## EXERCISE PROMPT:
Please return all lines in the listing holding the word "omega".

::::::

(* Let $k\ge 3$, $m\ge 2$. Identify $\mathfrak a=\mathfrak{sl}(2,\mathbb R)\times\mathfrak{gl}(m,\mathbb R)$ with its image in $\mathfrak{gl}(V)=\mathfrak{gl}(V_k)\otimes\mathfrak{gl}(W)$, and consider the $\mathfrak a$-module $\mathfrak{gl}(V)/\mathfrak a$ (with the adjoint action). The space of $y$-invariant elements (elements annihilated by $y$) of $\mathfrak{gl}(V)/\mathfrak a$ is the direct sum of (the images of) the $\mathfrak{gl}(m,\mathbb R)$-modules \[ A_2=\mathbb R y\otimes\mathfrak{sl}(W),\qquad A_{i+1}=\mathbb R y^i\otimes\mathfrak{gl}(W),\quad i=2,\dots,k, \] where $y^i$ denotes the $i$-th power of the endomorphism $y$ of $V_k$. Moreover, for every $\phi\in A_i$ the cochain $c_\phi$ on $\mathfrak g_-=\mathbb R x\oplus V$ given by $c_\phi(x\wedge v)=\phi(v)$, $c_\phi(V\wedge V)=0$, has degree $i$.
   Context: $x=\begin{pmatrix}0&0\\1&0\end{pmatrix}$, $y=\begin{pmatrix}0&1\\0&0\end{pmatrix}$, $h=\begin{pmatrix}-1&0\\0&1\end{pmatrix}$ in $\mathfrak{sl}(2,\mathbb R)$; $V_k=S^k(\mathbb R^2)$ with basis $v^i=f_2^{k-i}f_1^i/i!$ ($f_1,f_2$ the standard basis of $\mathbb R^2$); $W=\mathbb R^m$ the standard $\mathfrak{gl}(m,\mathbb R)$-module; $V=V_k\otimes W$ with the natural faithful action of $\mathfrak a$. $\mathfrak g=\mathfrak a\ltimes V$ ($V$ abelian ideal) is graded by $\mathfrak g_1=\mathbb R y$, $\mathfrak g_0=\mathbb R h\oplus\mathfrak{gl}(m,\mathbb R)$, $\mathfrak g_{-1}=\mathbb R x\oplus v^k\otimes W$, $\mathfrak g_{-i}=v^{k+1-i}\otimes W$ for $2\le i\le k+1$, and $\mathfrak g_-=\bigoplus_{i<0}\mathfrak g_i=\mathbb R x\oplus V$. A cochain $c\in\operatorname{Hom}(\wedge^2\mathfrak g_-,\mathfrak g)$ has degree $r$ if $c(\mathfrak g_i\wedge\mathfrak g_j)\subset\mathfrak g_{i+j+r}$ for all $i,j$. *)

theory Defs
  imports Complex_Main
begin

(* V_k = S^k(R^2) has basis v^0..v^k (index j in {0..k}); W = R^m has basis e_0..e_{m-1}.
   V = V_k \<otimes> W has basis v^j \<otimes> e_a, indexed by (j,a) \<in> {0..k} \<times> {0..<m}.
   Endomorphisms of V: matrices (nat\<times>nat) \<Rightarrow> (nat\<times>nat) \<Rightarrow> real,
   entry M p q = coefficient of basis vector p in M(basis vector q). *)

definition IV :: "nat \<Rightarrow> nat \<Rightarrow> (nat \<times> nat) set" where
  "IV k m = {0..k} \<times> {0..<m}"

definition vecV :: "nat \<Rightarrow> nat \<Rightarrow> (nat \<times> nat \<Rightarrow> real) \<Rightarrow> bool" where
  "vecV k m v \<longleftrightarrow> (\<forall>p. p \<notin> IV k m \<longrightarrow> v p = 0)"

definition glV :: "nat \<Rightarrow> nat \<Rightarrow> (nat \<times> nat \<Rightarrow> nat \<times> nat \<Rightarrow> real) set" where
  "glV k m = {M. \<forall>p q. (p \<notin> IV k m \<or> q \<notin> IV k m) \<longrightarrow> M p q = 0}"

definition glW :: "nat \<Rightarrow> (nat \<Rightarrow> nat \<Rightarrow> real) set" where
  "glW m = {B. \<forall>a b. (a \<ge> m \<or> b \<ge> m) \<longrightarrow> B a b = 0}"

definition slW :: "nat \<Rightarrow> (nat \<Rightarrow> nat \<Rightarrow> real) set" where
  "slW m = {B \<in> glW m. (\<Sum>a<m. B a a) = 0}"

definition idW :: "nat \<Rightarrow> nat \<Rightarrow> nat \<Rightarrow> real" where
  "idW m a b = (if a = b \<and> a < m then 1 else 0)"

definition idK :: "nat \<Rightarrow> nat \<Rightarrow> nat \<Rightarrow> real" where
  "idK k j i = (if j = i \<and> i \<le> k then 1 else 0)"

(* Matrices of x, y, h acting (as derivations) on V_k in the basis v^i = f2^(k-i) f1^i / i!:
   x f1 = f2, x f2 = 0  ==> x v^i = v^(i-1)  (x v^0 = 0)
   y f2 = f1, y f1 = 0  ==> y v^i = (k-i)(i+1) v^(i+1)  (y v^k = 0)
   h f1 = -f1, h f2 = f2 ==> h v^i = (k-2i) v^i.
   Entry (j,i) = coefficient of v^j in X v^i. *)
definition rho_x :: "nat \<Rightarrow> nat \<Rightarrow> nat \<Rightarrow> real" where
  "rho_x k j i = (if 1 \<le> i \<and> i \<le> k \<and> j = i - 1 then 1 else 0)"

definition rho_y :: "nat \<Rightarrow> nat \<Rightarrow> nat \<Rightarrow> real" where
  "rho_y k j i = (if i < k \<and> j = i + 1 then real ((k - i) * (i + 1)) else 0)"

::::::

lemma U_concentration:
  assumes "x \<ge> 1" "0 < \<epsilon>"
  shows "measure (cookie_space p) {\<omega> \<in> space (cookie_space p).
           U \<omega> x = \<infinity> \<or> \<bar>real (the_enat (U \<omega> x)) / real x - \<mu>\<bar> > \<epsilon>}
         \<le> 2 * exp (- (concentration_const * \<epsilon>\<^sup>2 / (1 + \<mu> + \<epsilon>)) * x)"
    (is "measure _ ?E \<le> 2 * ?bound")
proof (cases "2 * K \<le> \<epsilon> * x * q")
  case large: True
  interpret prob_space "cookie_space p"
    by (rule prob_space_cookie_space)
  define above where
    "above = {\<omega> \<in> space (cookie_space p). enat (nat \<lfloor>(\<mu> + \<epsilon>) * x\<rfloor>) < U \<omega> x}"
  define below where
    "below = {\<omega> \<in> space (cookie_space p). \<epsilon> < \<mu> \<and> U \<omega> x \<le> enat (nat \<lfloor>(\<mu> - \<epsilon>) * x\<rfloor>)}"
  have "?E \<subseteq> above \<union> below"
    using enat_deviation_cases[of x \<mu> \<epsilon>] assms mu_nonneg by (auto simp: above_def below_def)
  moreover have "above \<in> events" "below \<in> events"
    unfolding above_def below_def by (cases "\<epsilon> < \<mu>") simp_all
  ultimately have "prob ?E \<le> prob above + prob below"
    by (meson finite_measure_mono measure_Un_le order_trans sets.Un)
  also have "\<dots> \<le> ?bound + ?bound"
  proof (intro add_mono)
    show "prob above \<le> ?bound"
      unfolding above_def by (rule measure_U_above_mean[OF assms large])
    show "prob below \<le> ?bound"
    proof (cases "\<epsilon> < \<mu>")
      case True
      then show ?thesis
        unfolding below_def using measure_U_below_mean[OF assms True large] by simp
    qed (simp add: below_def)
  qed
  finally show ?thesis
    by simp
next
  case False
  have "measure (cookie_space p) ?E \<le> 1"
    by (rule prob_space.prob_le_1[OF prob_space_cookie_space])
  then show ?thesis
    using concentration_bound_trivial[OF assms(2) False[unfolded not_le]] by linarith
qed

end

::::::

## PROBLEM SOLUTION:
  shows "measure (cookie_space p) {\<omega> \<in> space (cookie_space p).
           U \<omega> x = \<infinity> \<or> \<bar>real (the_enat (U \<omega> x)) / real x - \<mu>\<bar> > \<epsilon>}
    "above = {\<omega> \<in> space (cookie_space p). enat (nat \<lfloor>(\<mu> + \<epsilon>) * x\<rfloor>) < U \<omega> x}"
    "below = {\<omega> \<in> space (cookie_space p). \<epsilon> < \<mu> \<and> U \<omega> x \<le> enat (nat \<lfloor>(\<mu> - \<epsilon>) * x\<rfloor>)}"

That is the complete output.